Die Grafik ist zweckmäßig, schafft es aber trotzdem zu ruckeln. Beim Wechsel von der Innenansicht eines Ladens zur Straßenansicht und beim Wechsel einer Zone wird geladen, die Ladezeiten sind erträglich, aber lästig.

Die Kampfansicht ist teilweise unübersichtlich, und in einigen Orten versperren virtuelle Mauern die Sicht. Die lässt sich dann zwar drehen und anpassen, aber trotzdem erstmal doof. Auch doof ist, dass weitläufige Karten unübersichtlich sind, weil auch die am weitesten entfernte Zoomstufe keinen kompletten Überblick zulässt.

Aber soll ich was sagen? Die Kämpfe machen trotzdem Spaß. Mit Tommy Gun die feindlichen Reihen dezimieren, Granaten in Gegnerpulks schmeißen und Feuerhinterhalte legen funktioniert und bereiten mir Freude. Was jetzt zugegeben ohne Kontext sicher komisch klingt. Aber ihr wisst schon, wie ich das meine. :-)

Und auch wenn die Verwaltung des eigenen Reichs umständlich ist, ist es halt trotzdem schön, seinen Einfluss nach und nach auszubauen. Mit Geld kann man sich dann auch eine schlagkräftige Truppe finanzieren. Aber nicht jeder kann mir jedem. Viele potenzielle Gangster verwehren mir ihre Dienste, weil sie mit einem oder mehreren aus meinem Team nicht können. Umgekehrt entwickeln sie im Team mit anderen neue Fähigkeiten, oder verlieben sich sogar, wenn sie länger zusammenarbeiten. Das ist ein netter Kniff, den man so ähnlich aus Jagged Alliance kennt, und der den Söldnern, äh Gangstern, Persönlichkeit verleibt. So kann es schon mal passieren, dass wenn ein Lebenspartner lebensbedrohlich verletzt ist, eine Bonusaktion ausgelöst wird, wie Sperrfeuer, oder spontane Schüsse auf Gegner.

Die Läden wiederum lassen sich ausbauen in verschiedenen Kategorien. Schutz und Ablenkung hat jeder Laden. In fünf Stufen lassen sich Wächter einstellen und Ablenkung einkaufen, die vom illegalen Gewerbe eben ablenkt. Ansonsten unterscheiden sich die Kategorien, für Brauereien investiert man z. B. in Qualität und Liefermenge, bei Bordellen und Lokalen in Atmosphäre und Mundpropaganda und in Casinos noch zusätzlich in neue Spieltische.

Und dann beginnt der übliche Kreislauf. Reich ausdehnen, ausbauen, Konkurrenz klein halten/zerschlagen, weiter ausdehnen, noch stärker ausbauen und so weiter.

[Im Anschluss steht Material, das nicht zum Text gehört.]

lemma dual_pair_transport_left:
  assumes dp: "dual_pair C X Y eta eps" and u: "iso C u" "Dom u = X" "Cod u = X'"
  shows "dual_pair C X' Y ((idm Y \<otimes> u) \<cdot> eta) (eps \<cdot> (inv\<^sub>C u \<otimes> idm Y))"
proof -
  note d = dual_pairD[OF dp]
  have uA: "u \<in> Ar" using u iso_ar by blast
  have X': "X' \<in> Ob" using uA u by auto
  note typed = d(1-8) u uA X'
  txt \<open>Precomposed with \<open>u\<close>, the new snake becomes \<open>u\<close> followed by the old one.\<close>
  have S1: "lunit X' \<cdot> ((eps \<cdot> (inv\<^sub>C u \<otimes> idm Y)) \<otimes> idm X') \<cdot> assoc' X' Y X' \<cdot> (idm X' \<otimes> ((idm Y \<otimes> u) \<cdot> eta)) \<cdot> runit' X' = idm X'" (is "?S = _")
  proof -
    have "(lunit X' \<cdot> ((eps \<cdot> (inv\<^sub>C u \<otimes> idm Y)) \<otimes> idm X') \<cdot> assoc' X' Y X' \<cdot> (idm X' \<otimes> ((idm Y \<otimes> u) \<cdot> eta)) \<cdot> runit' X') \<cdot> u
      = lunit X' \<cdot> ((eps \<cdot> (inv\<^sub>C u \<otimes> idm Y)) \<otimes> idm X') \<cdot> assoc' X' Y X' \<cdot> (idm X' \<otimes> ((idm Y \<otimes> u) \<cdot> eta)) \<cdot> runit' X' \<cdot> u"
      using typed by simp
    also have "\<dots> = lunit X' \<cdot> ((eps \<cdot> (inv\<^sub>C u \<otimes> idm Y)) \<otimes> idm X') \<cdot> assoc' X' Y X' \<cdot> (idm X' \<otimes> ((idm Y \<otimes> u) \<cdot> eta)) \<cdot> (u \<otimes> idm \<I>) \<cdot> runit' X"
      using typed by (simp only: typing runit'_nat)
    also have "\<dots> = lunit X' \<cdot> ((eps \<cdot> (inv\<^sub>C u \<otimes> idm Y)) \<otimes> idm X') \<cdot> assoc' X' Y X' \<cdot> (u \<otimes> (idm Y \<otimes> u)) \<cdot> (idm X \<otimes> eta) \<cdot> runit' X"
      using typed by (simp add: tensor_comp)
    also have "\<dots> = lunit X' \<cdot> ((eps \<cdot> (inv\<^sub>C u \<otimes> idm Y)) \<otimes> idm X') \<cdot> ((u \<otimes> idm Y) \<otimes> u) \<cdot> assoc' X Y X \<cdot> (idm X \<otimes> eta) \<cdot> runit' X"
      using typed by (simp only: typing assoc'_nat_comp)
    also have "\<dots> = lunit X' \<cdot> (idm \<I> \<otimes> u) \<cdot> (eps \<otimes> idm X) \<cdot> assoc' X Y X \<cdot> (idm X \<otimes> eta) \<cdot> runit' X"
      using typed by (simp add: tensor_comp)
    also have "\<dots> = u \<cdot> lunit X \<cdot> (eps \<otimes> idm X) \<cdot> assoc' X Y X \<cdot> (idm X \<otimes> eta) \<cdot> runit' X"
      using typed by (simp only: typing lunit_nat_comp)
    also have "\<dots> = u" using typed d(9) by simp
    finally have E: "?S \<cdot> u = u" .
    have "?S = idm (Cod u)" by (rule eq_id_if_comp_iso_self[OF u(1) _ _ E]) (use typed in simp_all)
    with u(3) show ?thesis by simp
  qed
  have S2: "runit Y \<cdot> (idm Y \<otimes> (eps \<cdot> (inv\<^sub>C u \<otimes> idm Y))) \<cdot> assoc Y X' Y \<cdot> (((idm Y \<otimes> u) \<cdot> eta) \<otimes> idm Y) \<cdot> lunit' Y = idm Y"
  proof -
    have "runit Y \<cdot> (idm Y \<otimes> (eps \<cdot> (inv\<^sub>C u \<otimes> idm Y))) \<cdot> assoc Y X' Y \<cdot> (((idm Y \<otimes> u) \<cdot> eta) \<otimes> idm Y) \<cdot> lunit' Y
      = runit Y \<cdot> (idm Y \<otimes> eps) \<cdot> (idm Y \<otimes> (inv\<^sub>C u \<otimes> idm Y)) \<cdot> assoc Y X' Y \<cdot> (((idm Y \<otimes> u) \<cdot> eta) \<otimes> idm Y) \<cdot> lunit' Y"
      using typed by (simp add: tensor_comp)
    also have "\<dots> = runit Y \<cdot> (idm Y \<otimes> eps) \<cdot> assoc Y X Y \<cdot> ((idm Y \<otimes> inv\<^sub>C u) \<otimes> idm Y) \<cdot> (((idm Y \<otimes> u) \<cdot> eta) \<otimes> idm Y) \<cdot> lunit' Y"
      using typed by (simp only: typing assoc_nat_comp_rev)
    also have "\<dots> = runit Y \<cdot> (idm Y \<otimes> eps) \<cdot> assoc Y X Y \<cdot> (eta \<otimes> idm Y) \<cdot> lunit' Y"
      using typed by (simp add: tensor_comp)
    also have "\<dots> = idm Y" using d(10) .
    finally show ?thesis .
  qed
  show ?thesis unfolding dual_pair_def hom_def using typed S1 S2 by simp
qed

Hin und wieder schauen die Cops vorbei und machen Läden dicht. Außer, man hat grad etwas Kohle rumliegen, um die Staatsmacht zu besänftigen. Oder man stellt sich ihnen im Kampf. Was mal mehr, mal weniger gut klappt. Das wiederum hängt natürlich auch davon ab, wie viel man in die Sicherung des jeweiligen Orts investiert hat. Bei Hauptquartieren und großen Brauereien sollte man zum Beispiel nicht knausrig sein. Bei der Übernahme von ersterem geht das ganze Imperium verloren, wird zweiteres geschlossen, kann das insofern katastrophale Folgen haben, dass dann die eigenen Gaststätten auf dem Trockenen sitzen. Ist die Truppe stark genug, kann auch mal Ness mit seiner Anti-Prohibitions-Bande anrücken, ohne dass das den Betrieb stört.

Um das Spiel noch etwas aufzulockern, gibt es auch Storymissionen. Die Stories sind mal kürzer, mal länger, und bieten Abwechslung und zusätzliche finanzielle Belohnungen, die man gerne mitnimmt, um sein Reich früh auszubauen. Doof: aktuell ist es mir nicht möglich eine Mission zu triggern, weil sich der NPC, der sie triggert, nicht ansprechen lässt. Der wurde von mir als Gebietsverwalter eingesetzt, und … bleibt einfach stumm.

Ihr merkt schon, an dem Spiel ist einiges doof. Aber die Suchtspirale packt trotzdem. Mich zumindest. Der Kern des Spiels funktioniert. Und ich habe eigentlich auch das bekommen, was ich wollte. Ein halbwegs zeitgemäßes (C64)-Mafia-Update. Mehr wollte ich eh nicht.